Description of the task -
Say how many lines of the material below contain the word "lparr", with no other words.

═══ Data shown

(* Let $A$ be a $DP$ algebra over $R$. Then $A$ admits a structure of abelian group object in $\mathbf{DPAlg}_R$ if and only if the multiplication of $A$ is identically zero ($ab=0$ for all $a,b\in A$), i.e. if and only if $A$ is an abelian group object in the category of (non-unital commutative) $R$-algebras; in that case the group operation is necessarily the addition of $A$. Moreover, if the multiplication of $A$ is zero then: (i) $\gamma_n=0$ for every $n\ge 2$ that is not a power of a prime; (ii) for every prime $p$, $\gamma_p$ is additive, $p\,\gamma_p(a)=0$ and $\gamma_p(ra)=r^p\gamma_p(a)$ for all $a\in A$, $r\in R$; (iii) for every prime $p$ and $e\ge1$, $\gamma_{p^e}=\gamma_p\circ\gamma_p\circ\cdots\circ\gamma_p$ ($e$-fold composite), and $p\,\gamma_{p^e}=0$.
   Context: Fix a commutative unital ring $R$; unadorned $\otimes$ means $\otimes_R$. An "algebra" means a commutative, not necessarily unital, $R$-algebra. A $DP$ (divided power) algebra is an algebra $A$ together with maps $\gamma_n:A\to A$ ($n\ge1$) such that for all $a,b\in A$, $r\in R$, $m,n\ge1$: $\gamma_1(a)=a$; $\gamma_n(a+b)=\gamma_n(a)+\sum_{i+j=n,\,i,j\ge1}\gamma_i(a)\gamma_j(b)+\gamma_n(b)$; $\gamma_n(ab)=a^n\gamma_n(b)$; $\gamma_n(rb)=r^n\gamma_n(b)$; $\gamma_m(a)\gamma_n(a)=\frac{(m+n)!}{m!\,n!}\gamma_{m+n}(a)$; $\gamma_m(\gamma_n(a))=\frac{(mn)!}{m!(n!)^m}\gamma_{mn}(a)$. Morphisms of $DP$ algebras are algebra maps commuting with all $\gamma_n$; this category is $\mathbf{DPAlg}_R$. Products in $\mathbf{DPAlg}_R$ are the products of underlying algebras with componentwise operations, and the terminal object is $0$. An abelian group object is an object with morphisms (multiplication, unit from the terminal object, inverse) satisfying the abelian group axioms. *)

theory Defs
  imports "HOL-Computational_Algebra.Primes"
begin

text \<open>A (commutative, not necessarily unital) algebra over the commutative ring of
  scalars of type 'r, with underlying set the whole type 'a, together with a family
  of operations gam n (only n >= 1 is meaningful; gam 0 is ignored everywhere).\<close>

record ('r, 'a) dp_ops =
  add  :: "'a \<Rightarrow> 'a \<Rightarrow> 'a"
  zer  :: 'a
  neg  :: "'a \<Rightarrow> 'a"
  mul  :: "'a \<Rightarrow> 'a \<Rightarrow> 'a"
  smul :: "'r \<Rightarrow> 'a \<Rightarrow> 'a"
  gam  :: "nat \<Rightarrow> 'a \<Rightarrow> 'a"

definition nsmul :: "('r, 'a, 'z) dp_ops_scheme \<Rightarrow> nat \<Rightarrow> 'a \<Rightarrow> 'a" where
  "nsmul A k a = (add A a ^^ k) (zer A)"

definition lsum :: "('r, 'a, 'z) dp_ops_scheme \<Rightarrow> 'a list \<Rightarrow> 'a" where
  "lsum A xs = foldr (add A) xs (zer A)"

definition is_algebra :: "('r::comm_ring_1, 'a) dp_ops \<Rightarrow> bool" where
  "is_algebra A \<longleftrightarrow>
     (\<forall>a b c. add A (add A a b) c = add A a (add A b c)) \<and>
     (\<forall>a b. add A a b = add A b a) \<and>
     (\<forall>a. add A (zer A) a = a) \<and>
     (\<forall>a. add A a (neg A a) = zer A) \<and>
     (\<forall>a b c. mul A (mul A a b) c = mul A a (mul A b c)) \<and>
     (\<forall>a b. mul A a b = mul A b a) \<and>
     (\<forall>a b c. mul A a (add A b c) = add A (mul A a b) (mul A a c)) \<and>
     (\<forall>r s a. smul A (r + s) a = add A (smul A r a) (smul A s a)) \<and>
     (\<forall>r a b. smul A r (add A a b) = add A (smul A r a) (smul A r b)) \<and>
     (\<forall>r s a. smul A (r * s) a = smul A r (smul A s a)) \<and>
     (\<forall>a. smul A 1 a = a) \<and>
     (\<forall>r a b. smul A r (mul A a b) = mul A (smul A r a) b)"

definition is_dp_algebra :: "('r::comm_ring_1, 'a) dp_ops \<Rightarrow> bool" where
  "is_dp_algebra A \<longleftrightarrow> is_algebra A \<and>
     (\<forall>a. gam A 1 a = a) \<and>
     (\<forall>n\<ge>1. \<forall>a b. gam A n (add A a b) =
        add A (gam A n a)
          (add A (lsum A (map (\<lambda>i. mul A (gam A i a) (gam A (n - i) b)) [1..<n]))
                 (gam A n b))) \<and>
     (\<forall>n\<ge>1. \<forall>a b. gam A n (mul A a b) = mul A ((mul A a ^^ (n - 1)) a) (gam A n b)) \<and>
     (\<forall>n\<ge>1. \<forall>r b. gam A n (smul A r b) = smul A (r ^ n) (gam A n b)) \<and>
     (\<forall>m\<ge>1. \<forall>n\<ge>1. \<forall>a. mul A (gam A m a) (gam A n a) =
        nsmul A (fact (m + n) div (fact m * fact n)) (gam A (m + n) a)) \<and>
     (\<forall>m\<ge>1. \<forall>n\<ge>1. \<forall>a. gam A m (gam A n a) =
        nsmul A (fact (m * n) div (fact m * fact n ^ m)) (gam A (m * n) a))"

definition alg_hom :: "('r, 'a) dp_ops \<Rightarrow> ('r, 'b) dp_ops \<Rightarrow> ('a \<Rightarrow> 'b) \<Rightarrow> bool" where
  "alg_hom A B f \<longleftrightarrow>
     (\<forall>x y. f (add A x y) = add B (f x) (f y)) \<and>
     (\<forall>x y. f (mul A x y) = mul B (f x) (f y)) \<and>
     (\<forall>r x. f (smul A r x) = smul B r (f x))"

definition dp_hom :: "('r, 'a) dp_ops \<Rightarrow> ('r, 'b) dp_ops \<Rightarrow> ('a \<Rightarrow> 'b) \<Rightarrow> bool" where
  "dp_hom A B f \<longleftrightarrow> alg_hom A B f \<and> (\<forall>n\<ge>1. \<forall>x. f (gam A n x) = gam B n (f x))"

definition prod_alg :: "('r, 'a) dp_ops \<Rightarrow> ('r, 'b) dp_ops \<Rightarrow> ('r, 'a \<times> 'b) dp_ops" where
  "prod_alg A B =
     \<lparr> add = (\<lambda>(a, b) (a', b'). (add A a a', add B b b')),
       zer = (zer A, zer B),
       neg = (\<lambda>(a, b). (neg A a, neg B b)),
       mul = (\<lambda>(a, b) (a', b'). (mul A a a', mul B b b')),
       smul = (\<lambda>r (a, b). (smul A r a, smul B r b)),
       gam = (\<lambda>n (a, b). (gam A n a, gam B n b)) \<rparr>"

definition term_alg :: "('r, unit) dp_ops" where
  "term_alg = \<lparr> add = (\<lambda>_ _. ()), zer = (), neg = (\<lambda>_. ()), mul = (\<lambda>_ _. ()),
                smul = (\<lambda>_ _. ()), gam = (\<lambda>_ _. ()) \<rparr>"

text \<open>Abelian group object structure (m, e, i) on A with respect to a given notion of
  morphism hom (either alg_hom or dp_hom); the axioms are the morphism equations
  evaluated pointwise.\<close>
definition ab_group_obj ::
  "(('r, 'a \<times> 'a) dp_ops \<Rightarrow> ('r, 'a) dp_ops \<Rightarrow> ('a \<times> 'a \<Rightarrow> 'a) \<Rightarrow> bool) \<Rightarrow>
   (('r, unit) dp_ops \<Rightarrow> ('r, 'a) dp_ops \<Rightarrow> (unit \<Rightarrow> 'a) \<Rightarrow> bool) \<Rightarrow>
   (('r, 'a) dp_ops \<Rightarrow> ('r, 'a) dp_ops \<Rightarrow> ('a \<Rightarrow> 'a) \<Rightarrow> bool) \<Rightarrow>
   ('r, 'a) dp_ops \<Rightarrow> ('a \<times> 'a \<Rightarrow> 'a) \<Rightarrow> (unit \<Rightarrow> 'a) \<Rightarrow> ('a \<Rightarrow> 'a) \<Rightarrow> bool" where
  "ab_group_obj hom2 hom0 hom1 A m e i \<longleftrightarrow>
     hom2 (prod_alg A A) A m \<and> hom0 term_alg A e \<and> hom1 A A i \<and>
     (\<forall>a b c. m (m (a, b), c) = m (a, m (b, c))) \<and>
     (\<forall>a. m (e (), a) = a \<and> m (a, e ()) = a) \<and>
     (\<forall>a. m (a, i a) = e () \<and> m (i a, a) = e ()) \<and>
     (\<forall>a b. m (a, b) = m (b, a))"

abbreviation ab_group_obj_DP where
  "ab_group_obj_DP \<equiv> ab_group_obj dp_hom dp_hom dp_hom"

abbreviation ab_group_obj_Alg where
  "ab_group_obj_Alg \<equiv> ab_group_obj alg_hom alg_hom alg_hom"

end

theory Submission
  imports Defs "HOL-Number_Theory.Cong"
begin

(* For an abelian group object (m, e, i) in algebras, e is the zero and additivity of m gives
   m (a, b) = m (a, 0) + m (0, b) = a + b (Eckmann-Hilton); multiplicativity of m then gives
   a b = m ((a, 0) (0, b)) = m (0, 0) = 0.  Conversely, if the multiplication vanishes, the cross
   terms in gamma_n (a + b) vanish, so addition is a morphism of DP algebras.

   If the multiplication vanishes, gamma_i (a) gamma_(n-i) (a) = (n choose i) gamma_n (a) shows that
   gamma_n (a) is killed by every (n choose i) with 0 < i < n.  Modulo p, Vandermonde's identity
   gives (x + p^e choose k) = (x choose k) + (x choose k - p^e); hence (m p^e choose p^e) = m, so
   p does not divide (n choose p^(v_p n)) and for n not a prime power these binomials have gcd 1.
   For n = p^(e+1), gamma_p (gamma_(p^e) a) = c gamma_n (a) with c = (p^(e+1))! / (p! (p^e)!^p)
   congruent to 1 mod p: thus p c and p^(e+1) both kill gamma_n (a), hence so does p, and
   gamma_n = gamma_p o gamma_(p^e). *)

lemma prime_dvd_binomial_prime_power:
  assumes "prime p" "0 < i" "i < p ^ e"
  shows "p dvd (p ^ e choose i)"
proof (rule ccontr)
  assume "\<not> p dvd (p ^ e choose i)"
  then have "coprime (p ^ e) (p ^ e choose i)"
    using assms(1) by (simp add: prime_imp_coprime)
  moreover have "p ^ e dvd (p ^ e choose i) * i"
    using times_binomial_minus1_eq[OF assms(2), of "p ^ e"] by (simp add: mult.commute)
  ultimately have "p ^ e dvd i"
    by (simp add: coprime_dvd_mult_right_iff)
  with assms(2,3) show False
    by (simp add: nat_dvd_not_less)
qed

══════
═══ Data shown

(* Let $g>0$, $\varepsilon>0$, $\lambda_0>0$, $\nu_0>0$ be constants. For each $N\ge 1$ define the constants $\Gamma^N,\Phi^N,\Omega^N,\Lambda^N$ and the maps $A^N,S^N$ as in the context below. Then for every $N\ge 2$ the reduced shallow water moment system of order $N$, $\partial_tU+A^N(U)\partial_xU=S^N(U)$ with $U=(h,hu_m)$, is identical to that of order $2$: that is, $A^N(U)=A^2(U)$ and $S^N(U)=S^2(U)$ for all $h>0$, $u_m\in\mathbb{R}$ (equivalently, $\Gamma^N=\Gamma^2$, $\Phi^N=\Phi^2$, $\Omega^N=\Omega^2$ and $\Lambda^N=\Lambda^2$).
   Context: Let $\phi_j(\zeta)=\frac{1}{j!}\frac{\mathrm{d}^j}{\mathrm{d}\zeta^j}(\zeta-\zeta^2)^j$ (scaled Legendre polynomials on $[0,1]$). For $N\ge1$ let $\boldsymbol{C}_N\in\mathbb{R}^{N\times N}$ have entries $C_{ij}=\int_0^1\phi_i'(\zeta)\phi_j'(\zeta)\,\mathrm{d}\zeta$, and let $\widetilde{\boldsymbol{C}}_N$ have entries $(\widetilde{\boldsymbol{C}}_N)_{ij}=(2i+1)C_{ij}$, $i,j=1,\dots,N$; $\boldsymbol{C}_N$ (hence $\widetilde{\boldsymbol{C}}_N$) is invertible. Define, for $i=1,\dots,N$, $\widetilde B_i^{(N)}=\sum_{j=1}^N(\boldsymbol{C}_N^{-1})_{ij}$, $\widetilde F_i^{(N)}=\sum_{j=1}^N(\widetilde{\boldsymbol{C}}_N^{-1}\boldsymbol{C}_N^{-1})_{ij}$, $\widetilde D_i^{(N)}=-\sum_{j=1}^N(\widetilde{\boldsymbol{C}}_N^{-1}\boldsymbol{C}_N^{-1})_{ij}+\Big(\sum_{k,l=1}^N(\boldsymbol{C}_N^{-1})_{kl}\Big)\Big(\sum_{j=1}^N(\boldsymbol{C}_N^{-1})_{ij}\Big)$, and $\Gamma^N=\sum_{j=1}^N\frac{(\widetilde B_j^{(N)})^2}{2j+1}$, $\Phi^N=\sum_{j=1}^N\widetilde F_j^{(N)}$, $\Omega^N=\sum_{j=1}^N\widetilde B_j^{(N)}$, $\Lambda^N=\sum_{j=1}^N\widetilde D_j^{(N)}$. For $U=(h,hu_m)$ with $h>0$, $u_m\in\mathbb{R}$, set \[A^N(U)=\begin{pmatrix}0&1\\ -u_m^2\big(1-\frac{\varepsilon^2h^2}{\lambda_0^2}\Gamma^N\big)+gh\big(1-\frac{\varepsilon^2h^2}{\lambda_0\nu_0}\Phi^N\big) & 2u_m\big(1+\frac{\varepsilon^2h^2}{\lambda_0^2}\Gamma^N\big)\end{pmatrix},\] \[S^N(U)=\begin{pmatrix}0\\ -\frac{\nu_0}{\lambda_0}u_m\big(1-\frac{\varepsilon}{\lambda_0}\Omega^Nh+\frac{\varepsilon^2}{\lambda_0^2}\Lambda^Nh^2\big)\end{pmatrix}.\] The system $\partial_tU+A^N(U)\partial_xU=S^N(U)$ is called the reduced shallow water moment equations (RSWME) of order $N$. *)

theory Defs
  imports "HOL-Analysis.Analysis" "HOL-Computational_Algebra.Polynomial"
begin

══════

Solution below -
2